» **Supplied material**:
• • • • •
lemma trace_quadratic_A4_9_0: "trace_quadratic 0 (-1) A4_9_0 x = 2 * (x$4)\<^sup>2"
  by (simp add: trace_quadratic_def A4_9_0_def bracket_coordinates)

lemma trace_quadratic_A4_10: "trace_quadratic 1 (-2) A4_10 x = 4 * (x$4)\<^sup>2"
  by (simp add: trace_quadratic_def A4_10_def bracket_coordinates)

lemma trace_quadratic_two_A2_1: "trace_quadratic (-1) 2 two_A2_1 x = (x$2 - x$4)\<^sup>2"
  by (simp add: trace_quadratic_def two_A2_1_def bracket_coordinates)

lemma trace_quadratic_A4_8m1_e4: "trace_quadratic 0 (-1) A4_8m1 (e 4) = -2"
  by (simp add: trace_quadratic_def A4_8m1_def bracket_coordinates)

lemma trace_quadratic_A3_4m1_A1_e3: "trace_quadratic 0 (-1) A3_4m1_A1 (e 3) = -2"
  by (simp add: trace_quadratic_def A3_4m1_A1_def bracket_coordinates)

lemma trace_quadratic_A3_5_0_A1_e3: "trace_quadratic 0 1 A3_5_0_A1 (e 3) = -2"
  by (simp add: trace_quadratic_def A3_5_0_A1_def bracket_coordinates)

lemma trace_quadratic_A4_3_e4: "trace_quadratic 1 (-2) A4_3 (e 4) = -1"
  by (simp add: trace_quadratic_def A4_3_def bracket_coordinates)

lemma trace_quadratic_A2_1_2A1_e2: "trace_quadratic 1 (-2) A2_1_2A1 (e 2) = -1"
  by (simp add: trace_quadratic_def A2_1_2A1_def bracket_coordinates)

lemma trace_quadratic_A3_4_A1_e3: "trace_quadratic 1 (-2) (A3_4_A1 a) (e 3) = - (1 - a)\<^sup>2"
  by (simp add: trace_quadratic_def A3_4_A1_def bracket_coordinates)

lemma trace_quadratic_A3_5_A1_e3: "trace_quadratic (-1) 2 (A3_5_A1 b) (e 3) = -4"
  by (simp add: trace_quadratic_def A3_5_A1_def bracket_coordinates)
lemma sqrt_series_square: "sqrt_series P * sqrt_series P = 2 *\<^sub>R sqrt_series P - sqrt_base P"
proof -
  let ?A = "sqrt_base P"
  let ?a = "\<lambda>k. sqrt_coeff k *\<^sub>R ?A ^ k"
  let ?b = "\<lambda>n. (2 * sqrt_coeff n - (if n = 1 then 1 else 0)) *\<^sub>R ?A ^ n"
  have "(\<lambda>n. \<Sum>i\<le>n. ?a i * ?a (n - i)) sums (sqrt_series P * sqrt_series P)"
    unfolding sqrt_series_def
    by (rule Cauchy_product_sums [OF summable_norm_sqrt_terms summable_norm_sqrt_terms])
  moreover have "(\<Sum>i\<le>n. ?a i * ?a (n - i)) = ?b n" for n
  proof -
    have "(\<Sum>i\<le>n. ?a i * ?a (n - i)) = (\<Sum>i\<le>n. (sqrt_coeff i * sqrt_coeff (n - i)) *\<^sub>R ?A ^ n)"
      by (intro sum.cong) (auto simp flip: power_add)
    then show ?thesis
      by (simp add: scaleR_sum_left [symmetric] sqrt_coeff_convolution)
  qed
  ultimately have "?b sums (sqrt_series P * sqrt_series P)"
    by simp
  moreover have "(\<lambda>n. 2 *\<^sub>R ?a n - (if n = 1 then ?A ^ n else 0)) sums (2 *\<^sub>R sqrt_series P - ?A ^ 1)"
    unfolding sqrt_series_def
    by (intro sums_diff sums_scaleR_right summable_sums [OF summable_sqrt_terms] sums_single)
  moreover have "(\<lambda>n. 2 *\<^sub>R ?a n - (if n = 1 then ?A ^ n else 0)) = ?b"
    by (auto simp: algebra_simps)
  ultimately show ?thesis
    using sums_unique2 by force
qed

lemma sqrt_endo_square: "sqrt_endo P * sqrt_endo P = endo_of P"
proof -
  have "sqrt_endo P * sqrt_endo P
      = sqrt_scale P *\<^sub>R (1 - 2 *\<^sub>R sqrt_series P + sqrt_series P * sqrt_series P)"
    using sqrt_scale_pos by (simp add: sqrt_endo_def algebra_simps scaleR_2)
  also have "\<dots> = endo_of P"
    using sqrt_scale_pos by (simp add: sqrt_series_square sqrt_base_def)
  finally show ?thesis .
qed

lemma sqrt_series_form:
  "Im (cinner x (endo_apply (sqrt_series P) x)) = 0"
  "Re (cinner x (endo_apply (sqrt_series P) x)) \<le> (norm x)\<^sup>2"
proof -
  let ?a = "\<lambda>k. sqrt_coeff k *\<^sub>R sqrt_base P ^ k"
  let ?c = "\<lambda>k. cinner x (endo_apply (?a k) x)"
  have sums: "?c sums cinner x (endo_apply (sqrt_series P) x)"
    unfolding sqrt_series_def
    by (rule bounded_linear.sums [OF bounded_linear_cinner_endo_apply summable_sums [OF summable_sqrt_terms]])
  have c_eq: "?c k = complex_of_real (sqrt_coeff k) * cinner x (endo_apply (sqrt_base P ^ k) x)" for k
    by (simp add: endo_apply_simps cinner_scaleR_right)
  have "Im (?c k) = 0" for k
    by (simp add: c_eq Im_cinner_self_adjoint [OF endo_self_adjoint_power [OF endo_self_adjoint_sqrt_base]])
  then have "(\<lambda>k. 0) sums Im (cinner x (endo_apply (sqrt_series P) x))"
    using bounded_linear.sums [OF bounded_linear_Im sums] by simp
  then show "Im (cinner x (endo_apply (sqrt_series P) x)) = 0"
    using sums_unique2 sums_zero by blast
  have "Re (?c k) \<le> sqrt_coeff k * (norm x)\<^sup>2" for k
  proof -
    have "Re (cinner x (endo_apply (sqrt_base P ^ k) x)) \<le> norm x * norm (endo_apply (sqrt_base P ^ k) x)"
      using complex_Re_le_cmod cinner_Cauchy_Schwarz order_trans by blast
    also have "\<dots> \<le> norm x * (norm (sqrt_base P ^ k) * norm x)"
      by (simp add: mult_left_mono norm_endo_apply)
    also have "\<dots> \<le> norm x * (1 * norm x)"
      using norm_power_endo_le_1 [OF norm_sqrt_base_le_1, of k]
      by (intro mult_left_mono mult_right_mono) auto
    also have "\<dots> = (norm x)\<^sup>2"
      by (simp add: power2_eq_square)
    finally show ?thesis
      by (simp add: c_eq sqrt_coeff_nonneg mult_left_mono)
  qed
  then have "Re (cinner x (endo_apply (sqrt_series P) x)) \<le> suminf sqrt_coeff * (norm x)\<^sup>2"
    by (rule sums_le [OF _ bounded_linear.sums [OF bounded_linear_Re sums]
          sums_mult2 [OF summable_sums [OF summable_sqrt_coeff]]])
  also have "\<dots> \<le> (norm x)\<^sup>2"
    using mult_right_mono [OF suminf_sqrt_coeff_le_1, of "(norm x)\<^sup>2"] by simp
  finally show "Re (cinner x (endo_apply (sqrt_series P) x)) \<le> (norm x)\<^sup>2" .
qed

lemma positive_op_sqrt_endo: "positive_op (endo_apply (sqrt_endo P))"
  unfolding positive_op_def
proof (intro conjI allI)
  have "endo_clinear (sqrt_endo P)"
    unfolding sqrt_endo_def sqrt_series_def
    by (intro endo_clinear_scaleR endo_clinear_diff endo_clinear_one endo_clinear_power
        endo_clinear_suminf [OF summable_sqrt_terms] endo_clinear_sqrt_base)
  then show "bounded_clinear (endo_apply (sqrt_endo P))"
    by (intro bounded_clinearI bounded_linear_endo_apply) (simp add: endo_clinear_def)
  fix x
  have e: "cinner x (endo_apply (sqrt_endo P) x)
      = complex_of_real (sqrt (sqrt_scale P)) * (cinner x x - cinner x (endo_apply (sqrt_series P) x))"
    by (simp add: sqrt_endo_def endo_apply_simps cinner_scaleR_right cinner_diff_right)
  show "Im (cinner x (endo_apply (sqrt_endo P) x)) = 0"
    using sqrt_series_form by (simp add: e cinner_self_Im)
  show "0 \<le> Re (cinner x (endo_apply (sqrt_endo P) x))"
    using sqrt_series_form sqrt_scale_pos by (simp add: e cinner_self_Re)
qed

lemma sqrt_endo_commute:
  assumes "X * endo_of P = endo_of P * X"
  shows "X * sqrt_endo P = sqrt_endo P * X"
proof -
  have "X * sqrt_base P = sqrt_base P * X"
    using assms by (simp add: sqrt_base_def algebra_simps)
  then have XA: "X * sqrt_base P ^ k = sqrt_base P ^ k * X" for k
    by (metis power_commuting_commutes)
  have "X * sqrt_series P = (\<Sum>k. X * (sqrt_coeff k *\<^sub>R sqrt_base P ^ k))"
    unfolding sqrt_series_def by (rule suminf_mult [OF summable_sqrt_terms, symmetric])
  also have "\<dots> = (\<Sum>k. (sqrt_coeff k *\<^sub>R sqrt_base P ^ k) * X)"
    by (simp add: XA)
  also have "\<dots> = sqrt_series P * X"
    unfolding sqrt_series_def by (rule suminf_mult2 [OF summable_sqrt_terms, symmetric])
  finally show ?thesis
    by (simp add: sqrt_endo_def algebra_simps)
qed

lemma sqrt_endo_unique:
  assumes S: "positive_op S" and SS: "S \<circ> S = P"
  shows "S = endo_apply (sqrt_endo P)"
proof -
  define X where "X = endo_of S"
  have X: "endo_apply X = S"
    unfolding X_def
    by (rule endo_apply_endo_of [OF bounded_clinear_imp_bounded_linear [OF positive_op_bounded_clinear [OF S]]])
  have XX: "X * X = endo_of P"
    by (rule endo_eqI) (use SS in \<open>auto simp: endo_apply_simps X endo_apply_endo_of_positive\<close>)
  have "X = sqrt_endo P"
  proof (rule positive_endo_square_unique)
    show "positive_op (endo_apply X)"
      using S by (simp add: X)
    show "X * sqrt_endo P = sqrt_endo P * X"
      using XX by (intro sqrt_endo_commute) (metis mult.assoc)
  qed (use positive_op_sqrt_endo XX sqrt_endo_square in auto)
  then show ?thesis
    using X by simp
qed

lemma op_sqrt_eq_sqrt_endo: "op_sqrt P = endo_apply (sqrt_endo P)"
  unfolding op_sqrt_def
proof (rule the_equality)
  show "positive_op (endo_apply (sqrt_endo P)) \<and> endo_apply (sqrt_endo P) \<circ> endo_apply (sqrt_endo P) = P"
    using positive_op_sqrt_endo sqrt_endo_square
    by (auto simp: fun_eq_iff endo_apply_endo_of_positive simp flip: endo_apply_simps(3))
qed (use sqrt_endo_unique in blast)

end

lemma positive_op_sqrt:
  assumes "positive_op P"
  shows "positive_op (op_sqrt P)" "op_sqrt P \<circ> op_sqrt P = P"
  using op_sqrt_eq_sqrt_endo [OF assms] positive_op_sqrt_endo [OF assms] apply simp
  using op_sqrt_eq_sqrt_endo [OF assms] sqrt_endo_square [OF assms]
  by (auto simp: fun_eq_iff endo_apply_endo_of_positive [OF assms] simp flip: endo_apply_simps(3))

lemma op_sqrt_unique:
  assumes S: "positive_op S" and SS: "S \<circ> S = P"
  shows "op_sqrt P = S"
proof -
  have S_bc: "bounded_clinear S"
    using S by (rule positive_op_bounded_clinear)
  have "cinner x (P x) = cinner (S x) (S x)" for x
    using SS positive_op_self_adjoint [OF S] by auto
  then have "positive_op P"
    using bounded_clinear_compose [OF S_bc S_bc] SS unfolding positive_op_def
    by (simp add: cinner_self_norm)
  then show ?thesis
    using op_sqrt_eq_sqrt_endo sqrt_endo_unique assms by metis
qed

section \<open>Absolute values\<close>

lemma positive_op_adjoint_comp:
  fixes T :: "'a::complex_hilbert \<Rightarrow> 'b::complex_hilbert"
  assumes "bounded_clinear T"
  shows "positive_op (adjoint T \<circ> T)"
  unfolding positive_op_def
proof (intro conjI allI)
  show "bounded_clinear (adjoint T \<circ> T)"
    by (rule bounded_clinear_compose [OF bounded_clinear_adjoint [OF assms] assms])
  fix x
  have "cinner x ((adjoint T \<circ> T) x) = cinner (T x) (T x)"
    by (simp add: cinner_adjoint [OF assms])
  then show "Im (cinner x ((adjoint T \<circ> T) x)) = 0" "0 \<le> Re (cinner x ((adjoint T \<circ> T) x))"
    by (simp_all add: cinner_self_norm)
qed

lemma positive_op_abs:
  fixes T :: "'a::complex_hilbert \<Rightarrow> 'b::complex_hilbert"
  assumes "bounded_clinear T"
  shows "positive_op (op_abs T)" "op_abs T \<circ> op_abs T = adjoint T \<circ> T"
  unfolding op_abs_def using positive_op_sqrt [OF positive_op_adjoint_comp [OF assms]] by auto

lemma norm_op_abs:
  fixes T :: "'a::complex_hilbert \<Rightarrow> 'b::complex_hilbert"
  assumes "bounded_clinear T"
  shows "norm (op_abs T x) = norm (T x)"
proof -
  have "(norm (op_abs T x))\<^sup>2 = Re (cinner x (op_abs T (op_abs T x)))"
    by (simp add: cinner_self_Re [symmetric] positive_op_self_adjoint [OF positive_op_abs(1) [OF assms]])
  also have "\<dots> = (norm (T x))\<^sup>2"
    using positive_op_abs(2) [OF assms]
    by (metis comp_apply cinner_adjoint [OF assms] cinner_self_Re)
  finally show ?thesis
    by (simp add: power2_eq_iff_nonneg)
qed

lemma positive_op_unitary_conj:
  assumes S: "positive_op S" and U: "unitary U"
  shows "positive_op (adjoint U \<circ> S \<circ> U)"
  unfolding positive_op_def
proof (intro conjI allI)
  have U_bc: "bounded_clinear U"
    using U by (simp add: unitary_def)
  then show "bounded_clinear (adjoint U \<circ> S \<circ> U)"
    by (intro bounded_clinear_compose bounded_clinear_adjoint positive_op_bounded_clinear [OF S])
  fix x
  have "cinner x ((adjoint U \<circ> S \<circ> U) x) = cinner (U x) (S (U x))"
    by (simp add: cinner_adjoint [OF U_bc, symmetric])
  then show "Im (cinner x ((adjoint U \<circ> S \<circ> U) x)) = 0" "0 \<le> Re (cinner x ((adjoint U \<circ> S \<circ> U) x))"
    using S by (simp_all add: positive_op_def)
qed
• • • • •
» **Description of the task**: One inclusive range is required: first line of the data through the line containing "by (simp add: trace_quadratic_def two_A2_1_def". Set it down exactly and output nothing else.

» **Exercise solution**:
lemma trace_quadratic_A4_9_0: "trace_quadratic 0 (-1) A4_9_0 x = 2 * (x$4)\<^sup>2"
  by (simp add: trace_quadratic_def A4_9_0_def bracket_coordinates)

lemma trace_quadratic_A4_10: "trace_quadratic 1 (-2) A4_10 x = 4 * (x$4)\<^sup>2"
  by (simp add: trace_quadratic_def A4_10_def bracket_coordinates)

lemma trace_quadratic_two_A2_1: "trace_quadratic (-1) 2 two_A2_1 x = (x$2 - x$4)\<^sup>2"
  by (simp add: trace_quadratic_def two_A2_1_def bracket_coordinates)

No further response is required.